PROBLEM: Please print the records below exactly as they are written.

══ PROVIDED RECORDS ══

theorem lemma2p3:
  fixes \<Omega> :: "(real^3) set" and T \<delta> :: real
    and p :: "(real^3) \<times> real \<Rightarrow> ennreal"
    and pn :: "nat \<Rightarrow> (real^3) \<times> real \<Rightarrow> real"
    and v :: "(real^3) \<times> real \<Rightarrow> real^3"
  assumes dom: "smooth_bounded_domain \<Omega>"
    and T: "0 < T"
    and obs: "obstacle \<Omega> T p"
    and apx: "approx_seq \<Omega> T p pn"
    and vC: "C_W_sigma \<Omega> T v"
    and vcont: "continuous_on (\<Omega> \<times> {0..T}) v"
    and vle: "\<forall>z\<in>\<Omega> \<times> {0<..<T}. ennreal (norm (v z)) \<le> p z"
    and dpos: "\<delta> > 0"
    and vsupp: "supp (\<lambda>z. if z \<in> \<Omega> \<times> {0..T} then v z else 0)
                  \<subseteq> {z \<in> \<Omega> \<times> {0..T}. p z \<ge> ennreal \<delta>}"
  shows "let M = \<delta> + (SUP z\<in>\<Omega> \<times> {0<..<T}. norm (v z));
             S = supp (\<lambda>z. if z \<in> \<Omega> \<times> {0..T} then v z else 0);
             \<delta>n = (\<lambda>n. if S = {} then 0 else
                    (1 / \<delta>) * (SUP z\<in>S. \<bar>enn2real (min (p z) (ennreal M)) - min (pn n z) M\<bar>))
         in \<delta>n \<longlonglongrightarrow> 0 \<and>
            (\<forall>n. \<forall>t\<in>{0..T}. (\<lambda>x. max (1 - \<delta>n n) 0 *\<^sub>R v (x, t)) \<in> K \<Omega> (pn n) t)"
proof -
  define M where "M = \<delta> + (SUP z\<in>\<Omega> \<times> {0<..<T}. norm (v z))"
  define S where "S = supp (\<lambda>z. if z \<in> \<Omega> \<times> {0..T} then v z else 0)"
  define m where "m = (\<lambda>z. enn2real (min (p z) (ennreal M)))"
  define \<delta>n where "\<delta>n = (\<lambda>n. if S = {} then 0 else (1 / \<delta>) * (SUP z\<in>S. \<bar>m z - min (pn n z) M\<bar>))"
  have \<Omega>: "open \<Omega>" "bounded \<Omega>" "\<Omega> \<noteq> {}"
    using dom unfolding smooth_bounded_domain_def by auto
  have \<Omega>_meas: "\<Omega> \<in> sets lebesgue" "emeasure lebesgue \<Omega> < \<infinity>"
    using lmeasurable_open[OF \<Omega>(2,1)] by (auto simp: fmeasurable_def)
  have cyl: "\<Omega> \<times> {0..T} \<subseteq> closure \<Omega> \<times> {0..T}"
    using closure_subset by auto
  have S: "S \<subseteq> \<Omega> \<times> {0..T}"
    using vsupp by (auto simp: S_def)
  have pn_pos: "0 < pn n z" if "z \<in> \<Omega> \<times> {0..T}" for n z
    using apx cyl that unfolding approx_seq_def by blast
  note dominated = truncated_obstacle_dominates_on_supp[OF \<Omega>(2,3) T dpos
      obs[unfolded obstacle_def] vcont vle vsupp, folded M_def S_def]
  have "0 \<le> \<bar>m z - min (pn n z) M\<bar> \<and> \<bar>m z - min (pn n z) M\<bar> \<le> M" if "z \<in> S" for n z
  proof -
    have "0 < pn n z" "0 \<le> m z" "m z \<le> M"
      using pn_pos S that dominated(1) enn2real_min_ennreal_le[of M "p z"] by (auto simp: m_def)
    then show ?thesis by (auto simp: abs_le_iff min_def)
  qed
  then have gap: "0 \<le> \<delta>n n" "z \<in> S \<Longrightarrow> \<bar>m z - min (pn n z) M\<bar> \<le> \<delta> * \<delta>n n" for n z
    using normalized_SUP_bounds[where f = "\<lambda>z. \<bar>m z - min (pn n z) M\<bar>" and B = M, OF dpos]
    unfolding \<delta>n_def by simp_all
  have "\<delta>n \<longlonglongrightarrow> 0"
    using truncation_gap_tendsto_0[OF apx dominated(1) order_trans[OF S cyl]] unfolding \<delta>n_def m_def .
  moreover have "(\<lambda>x. max (1 - \<delta>n n) 0 *\<^sub>R v (x, t)) \<in> K \<Omega> (pn n) t" if t: "t \<in> {0..T}" for n t
  proof (rule scaleR_in_K_of_truncation_gap[OF _ \<Omega>_meas gap(1)])
    show "(\<lambda>x. v (x, t)) \<in> W_sigma \<Omega>"
      using vC t by (simp add: C_W_sigma_def)
    show "0 \<le> pn n (x, t)" if "x \<in> \<Omega>" for x
      using pn_pos that t by (simp add: less_imp_le)
    fix x assume "x \<in> \<Omega>" "v (x, t) \<noteq> 0"
    then have "(x, t) \<in> S"
      using t closure_subset by (force simp: S_def supp_def)
    then show "norm (v (x, t)) \<le> m (x, t) \<and> \<delta> \<le> m (x, t) \<and> m (x, t) - pn n (x, t) \<le> \<delta> * \<delta>n n"
      using dominated(2) gap(2)[of "(x, t)" n] by (auto simp: abs_le_iff m_def)
  qed
  ultimately have "\<delta>n \<longlonglongrightarrow> 0 \<and>
      (\<forall>n. \<forall>t\<in>{0..T}. (\<lambda>x. max (1 - \<delta>n n) 0 *\<^sub>R v (x, t)) \<in> K \<Omega> (pn n) t)"
    by blast
  then show ?thesis
    unfolding Let_def M_def S_def m_def \<delta>n_def .
qed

═══

EXERCISE RESULT:
theorem lemma2p3:
  fixes \<Omega> :: "(real^3) set" and T \<delta> :: real
    and p :: "(real^3) \<times> real \<Rightarrow> ennreal"
    and pn :: "nat \<Rightarrow> (real^3) \<times> real \<Rightarrow> real"
    and v :: "(real^3) \<times> real \<Rightarrow> real^3"
  assumes dom: "smooth_bounded_domain \<Omega>"
    and T: "0 < T"
    and obs: "obstacle \<Omega> T p"
    and apx: "approx_seq \<Omega> T p pn"
    and vC: "C_W_sigma \<Omega> T v"
    and vcont: "continuous_on (\<Omega> \<times> {0..T}) v"
    and vle: "\<forall>z\<in>\<Omega> \<times> {0<..<T}. ennreal (norm (v z)) \<le> p z"
    and dpos: "\<delta> > 0"
    and vsupp: "supp (\<lambda>z. if z \<in> \<Omega> \<times> {0..T} then v z else 0)
                  \<subseteq> {z \<in> \<Omega> \<times> {0..T}. p z \<ge> ennreal \<delta>}"
  shows "let M = \<delta> + (SUP z\<in>\<Omega> \<times> {0<..<T}. norm (v z));
             S = supp (\<lambda>z. if z \<in> \<Omega> \<times> {0..T} then v z else 0);
             \<delta>n = (\<lambda>n. if S = {} then 0 else
                    (1 / \<delta>) * (SUP z\<in>S. \<bar>enn2real (min (p z) (ennreal M)) - min (pn n z) M\<bar>))
         in \<delta>n \<longlonglongrightarrow> 0 \<and>
            (\<forall>n. \<forall>t\<in>{0..T}. (\<lambda>x. max (1 - \<delta>n n) 0 *\<^sub>R v (x, t)) \<in> K \<Omega> (pn n) t)"
proof -
  define M where "M = \<delta> + (SUP z\<in>\<Omega> \<times> {0<..<T}. norm (v z))"
  define S where "S = supp (\<lambda>z. if z \<in> \<Omega> \<times> {0..T} then v z else 0)"
  define m where "m = (\<lambda>z. enn2real (min (p z) (ennreal M)))"
  define \<delta>n where "\<delta>n = (\<lambda>n. if S = {} then 0 else (1 / \<delta>) * (SUP z\<in>S. \<bar>m z - min (pn n z) M\<bar>))"
  have \<Omega>: "open \<Omega>" "bounded \<Omega>" "\<Omega> \<noteq> {}"
    using dom unfolding smooth_bounded_domain_def by auto
  have \<Omega>_meas: "\<Omega> \<in> sets lebesgue" "emeasure lebesgue \<Omega> < \<infinity>"
    using lmeasurable_open[OF \<Omega>(2,1)] by (auto simp: fmeasurable_def)
  have cyl: "\<Omega> \<times> {0..T} \<subseteq> closure \<Omega> \<times> {0..T}"
    using closure_subset by auto
  have S: "S \<subseteq> \<Omega> \<times> {0..T}"
    using vsupp by (auto simp: S_def)
  have pn_pos: "0 < pn n z" if "z \<in> \<Omega> \<times> {0..T}" for n z
    using apx cyl that unfolding approx_seq_def by blast
  note dominated = truncated_obstacle_dominates_on_supp[OF \<Omega>(2,3) T dpos
      obs[unfolded obstacle_def] vcont vle vsupp, folded M_def S_def]
  have "0 \<le> \<bar>m z - min (pn n z) M\<bar> \<and> \<bar>m z - min (pn n z) M\<bar> \<le> M" if "z \<in> S" for n z
  proof -
    have "0 < pn n z" "0 \<le> m z" "m z \<le> M"
      using pn_pos S that dominated(1) enn2real_min_ennreal_le[of M "p z"] by (auto simp: m_def)
    then show ?thesis by (auto simp: abs_le_iff min_def)
  qed
  then have gap: "0 \<le> \<delta>n n" "z \<in> S \<Longrightarrow> \<bar>m z - min (pn n z) M\<bar> \<le> \<delta> * \<delta>n n" for n z
    using normalized_SUP_bounds[where f = "\<lambda>z. \<bar>m z - min (pn n z) M\<bar>" and B = M, OF dpos]
    unfolding \<delta>n_def by simp_all
  have "\<delta>n \<longlonglongrightarrow> 0"
    using truncation_gap_tendsto_0[OF apx dominated(1) order_trans[OF S cyl]] unfolding \<delta>n_def m_def .
  moreover have "(\<lambda>x. max (1 - \<delta>n n) 0 *\<^sub>R v (x, t)) \<in> K \<Omega> (pn n) t" if t: "t \<in> {0..T}" for n t
  proof (rule scaleR_in_K_of_truncation_gap[OF _ \<Omega>_meas gap(1)])
    show "(\<lambda>x. v (x, t)) \<in> W_sigma \<Omega>"
      using vC t by (simp add: C_W_sigma_def)
    show "0 \<le> pn n (x, t)" if "x \<in> \<Omega>" for x
      using pn_pos that t by (simp add: less_imp_le)
    fix x assume "x \<in> \<Omega>" "v (x, t) \<noteq> 0"
    then have "(x, t) \<in> S"
      using t closure_subset by (force simp: S_def supp_def)
    then show "norm (v (x, t)) \<le> m (x, t) \<and> \<delta> \<le> m (x, t) \<and> m (x, t) - pn n (x, t) \<le> \<delta> * \<delta>n n"
      using dominated(2) gap(2)[of "(x, t)" n] by (auto simp: abs_le_iff m_def)
  qed
  ultimately have "\<delta>n \<longlonglongrightarrow> 0 \<and>
      (\<forall>n. \<forall>t\<in>{0..T}. (\<lambda>x. max (1 - \<delta>n n) 0 *\<^sub>R v (x, t)) \<in> K \<Omega> (pn n) t)"
    by blast
  then show ?thesis
    unfolding Let_def M_def S_def m_def \<delta>n_def .
qed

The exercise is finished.